The choice of specific data analyses and visualizations is driven by their ability to address the research questions and provide insights into the relationships between variables in the Titanic dataset. Here’s an explanation of why these types of statistics and graphs are selected and how they help answer specific questions:
Bivariate Visualization:
Bivariate visualizations, such as bar charts or stacked bar plots, are useful for comparing two variables, such as gender and survival or passenger class and survival. They allow us to visually examine the relationship between two categorical variables and observe any patterns or differences in survival rates based on these variables.
Scatter Plot:
Scatter plots are valuable for analyzing the relationship between two continuous variables, such as family size and survival rates. They enable us to observe the dispersion of data points and determine if there is any correlation or trend between the variables. Box Plot and Violin Plot:
Box plots and violin plots are excellent for comparing the distribution of a continuous variable, such as fare, between different groups (e.g., survivors vs. non-survivors). They provide a visual representation of the median, quartiles, and outliers in the data, allowing us to detect any variations or differences in fare distributions based on survival outcomes.
If you plan to conduct specific data analyses and visualizations, describe how do you need to process and prepare the tidy data.
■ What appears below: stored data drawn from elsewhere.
(* Let $G=(V,E)$ be a finite simple graph and let $C\subseteq V$. Let $x\in\{0,1\}^{V}$ and $F=\{v\in V\colon x_v=1\}$. Then $F$ is a fort of $G$ with $F\subseteq V\setminus\mathrm{cl}(C)$ if and only if $x$ satisfies: (a) $\sum_{v\in V}x_v\geq1$; (b) $x_u-x_v+\sum_{w\in N(u)\setminus\{v\}}x_w\geq0$ for all $v\in V$ and all $u\in N(v)$; (c) $x_v=0$ for all $v\in C$.
   Context: $N(u)$ denotes the neighborhood of $u$. A fort of $G$ is a non-empty set $F\subseteq V$ such that no vertex $u\in V\setminus F$ has exactly one neighbor in $F$. The closure $\mathrm{cl}(C)$ of $C$ is the set of filled vertices obtained by starting with the vertices of $C$ filled and repeatedly applying the standard color change rule (a filled vertex $u$ forces a non-filled vertex $v$ to become filled if $v$ is the only non-filled neighbor of $u$) until no more forces are possible. *)

theory Defs
  imports Main
begin

definition simple_graph :: "'a set \<Rightarrow> ('a \<Rightarrow> 'a \<Rightarrow> bool) \<Rightarrow> bool" where
  "simple_graph V E \<longleftrightarrow> finite V \<and> (\<forall>u v. E u v \<longrightarrow> u \<in> V \<and> v \<in> V)
     \<and> (\<forall>u v. E u v \<longrightarrow> E v u) \<and> (\<forall>u. \<not> E u u)"

definition nbhd :: "'a set \<Rightarrow> ('a \<Rightarrow> 'a \<Rightarrow> bool) \<Rightarrow> 'a \<Rightarrow> 'a set" where
  "nbhd V E u = {w \<in> V. E u w}"

definition is_fort :: "'a set \<Rightarrow> ('a \<Rightarrow> 'a \<Rightarrow> bool) \<Rightarrow> 'a set \<Rightarrow> bool" where
  "is_fort V E F \<longleftrightarrow> F \<noteq> {} \<and> F \<subseteq> V \<and>
     (\<forall>u \<in> V - F. card (nbhd V E u \<inter> F) \<noteq> 1)"

text \<open>Closure under the standard colour change rule: the set obtained from C by
  repeatedly letting a filled vertex u force its unique non-filled neighbour v.\<close>
inductive_set closure_zf :: "'a set \<Rightarrow> ('a \<Rightarrow> 'a \<Rightarrow> bool) \<Rightarrow> 'a set \<Rightarrow> 'a set"
  for V E C where
  base: "c \<in> C \<Longrightarrow> c \<in> closure_zf V E C"
| force: "\<lbrakk> u \<in> closure_zf V E C; v \<in> nbhd V E u;
            \<forall>w \<in> nbhd V E u - {v}. w \<in> closure_zf V E C \<rbrakk> \<Longrightarrow> v \<in> closure_zf V E C"

end

theory Submission
  imports Defs
begin

text \<open>For a 0/1 vector \<open>x\<close> with support \<open>F\<close>, each sum of \<open>x\<close> over a set of vertices counts the
  vertices of \<open>F\<close> in that set. Hence (a) says \<open>F \<noteq> {}\<close>, and inequality (b) for the edge \<open>uv\<close> fails
  exactly when \<open>u \<notin> F\<close>, \<open>v \<in> F\<close> and \<open>v\<close> is the only neighbour of \<open>u\<close> in \<open>F\<close>; so (b) is the fort
  condition. Finally, if no vertex outside \<open>F\<close> has exactly one neighbour in \<open>F\<close>, no vertex of \<open>F\<close>
  can ever be forced, so \<open>F\<close> avoids \<open>cl(C)\<close> as soon as it avoids \<open>C\<close>.\<close>

lemma sum_zero_one_eq_card:
  fixes x :: "'a \<Rightarrow> int"
  assumes "finite S" and "\<forall>v \<in> S. x v = 0 \<or> x v = 1"
  shows "(\<Sum>v\<in>S. x v) = int (card {v \<in> S. x v = 1})"
proof -
  have "(\<Sum>v\<in>S. x v) = (\<Sum>v\<in>S. if x v = 1 then 1 else 0)"
    using assms(2) by (intro sum.cong) auto
  also have "\<dots> = int (card {v \<in> S. x v = 1})"
    using assms(1) by (simp add: sum.If_cases Int_def)
  finally show ?thesis .
qed

lemma card_eq_1_iff_Diff_singleton_empty: "card A = 1 \<longleftrightarrow> (\<exists>a \<in> A. A - {a} = {})"
  by (auto simp: card_1_singleton_iff)

lemma ball_nbhd_swap:
  assumes "\<forall>u v. E u v \<longrightarrow> E v u"
  shows "(\<forall>v \<in> V. \<forall>u \<in> nbhd V E v. P u v) \<longleftrightarrow> (\<forall>u \<in> V. \<forall>v \<in> nbhd V E u. P u v)"
proof -
  have "v \<in> V \<and> u \<in> nbhd V E v \<longleftrightarrow> u \<in> V \<and> v \<in> nbhd V E u" for u v
    using assms unfolding nbhd_def by auto
  then show ?thesis by meson
qed

lemma fort_condition_iff_edgewise:
  assumes "\<forall>u v. E u v \<longrightarrow> E v u"
  shows "(\<forall>u \<in> V - F. card (nbhd V E u \<inter> F) \<noteq> 1) \<longleftrightarrow>
    (\<forall>v \<in> V. \<forall>u \<in> nbhd V E v. \<not> (u \<notin> F \<and> v \<in> F \<and> (nbhd V E u - {v}) \<inter> F = {}))"
proof -
  have h: "card (nbhd V E u \<inter> F) = 1 \<longleftrightarrow> (\<exists>v \<in> nbhd V E u. v \<in> F \<and> (nbhd V E u - {v}) \<inter> F = {})"
    for u
    unfolding card_eq_1_iff_Diff_singleton_empty by blast
  show ?thesis
    unfolding h by (subst ball_nbhd_swap[OF assms]) blast
qed

lemma neighbour_inequality_iff:
  fixes x :: "'a \<Rightarrow> int"
  assumes "finite V" and "\<forall>v \<in> V. x v = 0 \<or> x v = 1" and "u \<in> V" and "v \<in> V"
  defines "F \<equiv> {v \<in> V. x v = 1}"
  shows "x u - x v + (\<Sum>w \<in> nbhd V E u - {v}. x w) \<ge> 0 \<longleftrightarrow>
    \<not> (u \<notin> F \<and> v \<in> F \<and> (nbhd V E u - {v}) \<inter> F = {})"
proof -
  let ?N = "nbhd V E u - {v}"
  have "?N \<subseteq> V" unfolding nbhd_def by blast
  then have "finite ?N"
    using assms(1) by (rule finite_subset)
  then have "(\<Sum>w \<in> ?N. x w) = int (card {w \<in> ?N. x w = 1})"
    using \<open>?N \<subseteq> V\<close> assms(2) by (intro sum_zero_one_eq_card) auto
  also have "{w \<in> ?N. x w = 1} = ?N \<inter> F"
    using \<open>?N \<subseteq> V\<close> unfolding F_def by blast
  finally have sum_eq: "(\<Sum>w \<in> ?N. x w) = int (card (?N \<inter> F))" .
  have "x u = 0 \<or> x u = 1" and "x v = 0 \<or> x v = 1"
    using assms(2-4) by auto
  then have "x u - x v + (\<Sum>w \<in> ?N. x w) \<ge> 0 \<longleftrightarrow> \<not> (x u = 0 \<and> x v = 1 \<and> card (?N \<inter> F) = 0)"
    unfolding sum_eq by auto
  moreover have "card (?N \<inter> F) = 0 \<longleftrightarrow> ?N \<inter> F = {}"
    using \<open>finite ?N\<close> by simp
  moreover have "u \<notin> F \<longleftrightarrow> x u = 0" and "v \<in> F \<longleftrightarrow> x v = 1"
    using assms(2-4) unfolding F_def by auto
  ultimately show ?thesis by simp
qed

lemma neighbour_inequalities_iff_fort_condition:
  fixes x :: "'a \<Rightarrow> int"
  assumes "finite V" and "\<forall>u v. E u v \<longrightarrow> E v u" and "\<forall>v \<in> V. x v = 0 \<or> x v = 1"
  defines "F \<equiv> {v \<in> V. x v = 1}"
  shows "(\<forall>v \<in> V. \<forall>u \<in> nbhd V E v. x u - x v + (\<Sum>w \<in> nbhd V E u - {v}. x w) \<ge> 0)
    \<longleftrightarrow> (\<forall>u \<in> V - F. card (nbhd V E u \<inter> F) \<noteq> 1)"
proof -
  have "(\<forall>v \<in> V. \<forall>u \<in> nbhd V E v. x u - x v + (\<Sum>w \<in> nbhd V E u - {v}. x w) \<ge> 0)
      \<longleftrightarrow> (\<forall>v \<in> V. \<forall>u \<in> nbhd V E v. \<not> (u \<notin> F \<and> v \<in> F \<and> (nbhd V E u - {v}) \<inter> F = {}))"
    unfolding F_def
    by (intro ball_cong refl neighbour_inequality_iff[OF assms(1,3)]) (auto simp: nbhd_def)
  also have "\<dots> \<longleftrightarrow> (\<forall>u \<in> V - F. card (nbhd V E u \<inter> F) \<noteq> 1)"
    using fort_condition_iff_edgewise[OF assms(2)] by simp
  finally show ?thesis .
qed

lemma closure_zf_subset:
  assumes "C \<subseteq> V"
  shows "closure_zf V E C \<subseteq> V"
proof
  fix w assume "w \<in> closure_zf V E C"
  then show "w \<in> V"
  proof induction
    case (base c)
    then show ?case using assms by blast
  next
    case (force u v)
    from \<open>v \<in> nbhd V E u\<close> show ?case by (simp add: nbhd_def)
  qed
qed

lemma closure_zf_superset: "C \<subseteq> closure_zf V E C"
  using closure_zf.base by (rule subsetI)

lemma fort_condition_disjoint_closure_zf_iff:
  assumes "C \<subseteq> V"
    and fort: "\<forall>u \<in> V - F. card (nbhd V E u \<inter> F) \<noteq> 1"
  shows "F \<inter> closure_zf V E C = {} \<longleftrightarrow> F \<inter> C = {}"
proof
  have "F \<inter> C \<subseteq> F \<inter> closure_zf V E C"
    by (rule Int_mono[OF order_refl closure_zf_superset])
  then show "F \<inter> C = {}" if "F \<inter> closure_zf V E C = {}"
    using that by simp
next
  assume "F \<inter> C = {}"
  have "w \<notin> F" if "w \<in> closure_zf V E C" for w
    using that
  proof (induction rule: closure_zf.induct)
    case (base c)
    then show ?case using \<open>F \<inter> C = {}\<close> by blast
  next
    case (force u v)
    have "u \<in> V"
      using closure_zf_subset[OF assms(1)] force.hyps(1) by blast
    show ?case
    proof
      assume "v \<in> F"
      moreover have "w \<notin> F" if "w \<in> nbhd V E u - {v}" for w
        using force.IH(2) that by blast
      ultimately have "nbhd V E u \<inter> F = {v}"
        using force.hyps(2) by blast
      then have "card (nbhd V E u \<inter> F) = 1" by simp
      with fort \<open>u \<in> V\<close> force.IH(1) show False by blast
    qed
  qed
  then show "F \<inter> closure_zf V E C = {}" by blast
qed

theorem theorem5p3:
  fixes V :: "'a set" and E :: "'a \<Rightarrow> 'a \<Rightarrow> bool" and C :: "'a set"
    and x :: "'a \<Rightarrow> int"
  assumes "simple_graph V E"
    and "C \<subseteq> V"
    and "\<forall>v \<in> V. x v = 0 \<or> x v = 1"
  shows "(is_fort V E {v \<in> V. x v = 1} \<and> {v \<in> V. x v = 1} \<subseteq> V - closure_zf V E C)
     \<longleftrightarrow> ((\<Sum>v\<in>V. x v) \<ge> 1
          \<and> (\<forall>v \<in> V. \<forall>u \<in> nbhd V E v. x u - x v + (\<Sum>w \<in> nbhd V E u - {v}. x w) \<ge> 0)
          \<and> (\<forall>v \<in> C. x v = 0))"
proof -
  define F where "F = {v \<in> V. x v = 1}"
  have "finite V" and sym: "\<forall>u v. E u v \<longrightarrow> E v u"
    using assms(1) unfolding simple_graph_def by blast+
  have a: "(\<Sum>v\<in>V. x v) \<ge> 1 \<longleftrightarrow> F \<noteq> {}"
    using sum_zero_one_eq_card[OF \<open>finite V\<close> assms(3)] \<open>finite V\<close>
    unfolding F_def by (auto simp: Suc_le_eq card_gt_0_iff)
  note b = neighbour_inequalities_iff_fort_condition[OF \<open>finite V\<close> sym assms(3), folded F_def]
  have c: "(\<forall>v \<in> C. x v = 0) \<longleftrightarrow> F \<inter> C = {}"
    using assms(2,3) unfolding F_def by fastforce
  have "F \<subseteq> V"
    unfolding F_def by blast
  have "F \<subseteq> V - closure_zf V E C \<longleftrightarrow> F \<inter> C = {}"
    if "\<forall>u \<in> V - F. card (nbhd V E u \<inter> F) \<noteq> 1"
    using fort_condition_disjoint_closure_zf_iff[OF assms(2) that] \<open>F \<subseteq> V\<close> by blast
  with \<open>F \<subseteq> V\<close> show ?thesis
    unfolding F_def[symmetric] is_fort_def a b c by blast
qed

end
What do you need to do to mutate the datasets (convert date data, create a new variable, pivot the data format, etc.)?
How are you going to deal with the missing data/NAs and outliers? And why do you choose this way to deal with NAs?
Calculating Age Groups:
Grouping passengers into age categories: You can create a new variable called “Age Group” by categorizing the passengers’ ages into different groups, such as “Child,” “Adult,” and “Elderly.” This can be done by specifying age ranges and using conditional statements or the cut() function in R. Converting Categorical Variables:
Mapping categorical variables to numerical values: If any categorical variables, such as “Sex” or “Embarked,” are represented as text, you can create new variables that map these categories to numerical values. For example, you can create a new variable called “Sex_Code” where “male” is encoded as 0 and “female” as 1. Calculating Family Size:
Creating a variable for family size: You can create a new variable called “Family Size” by summing the “SibSp” (number of siblings/spouses aboard) and “Parch” (number of parents/children aboard) variables. This new variable represents the total number of family members a passenger had onboard.
If any column has too much empty data, I plan to drop it completely as it would not contain a lot of information.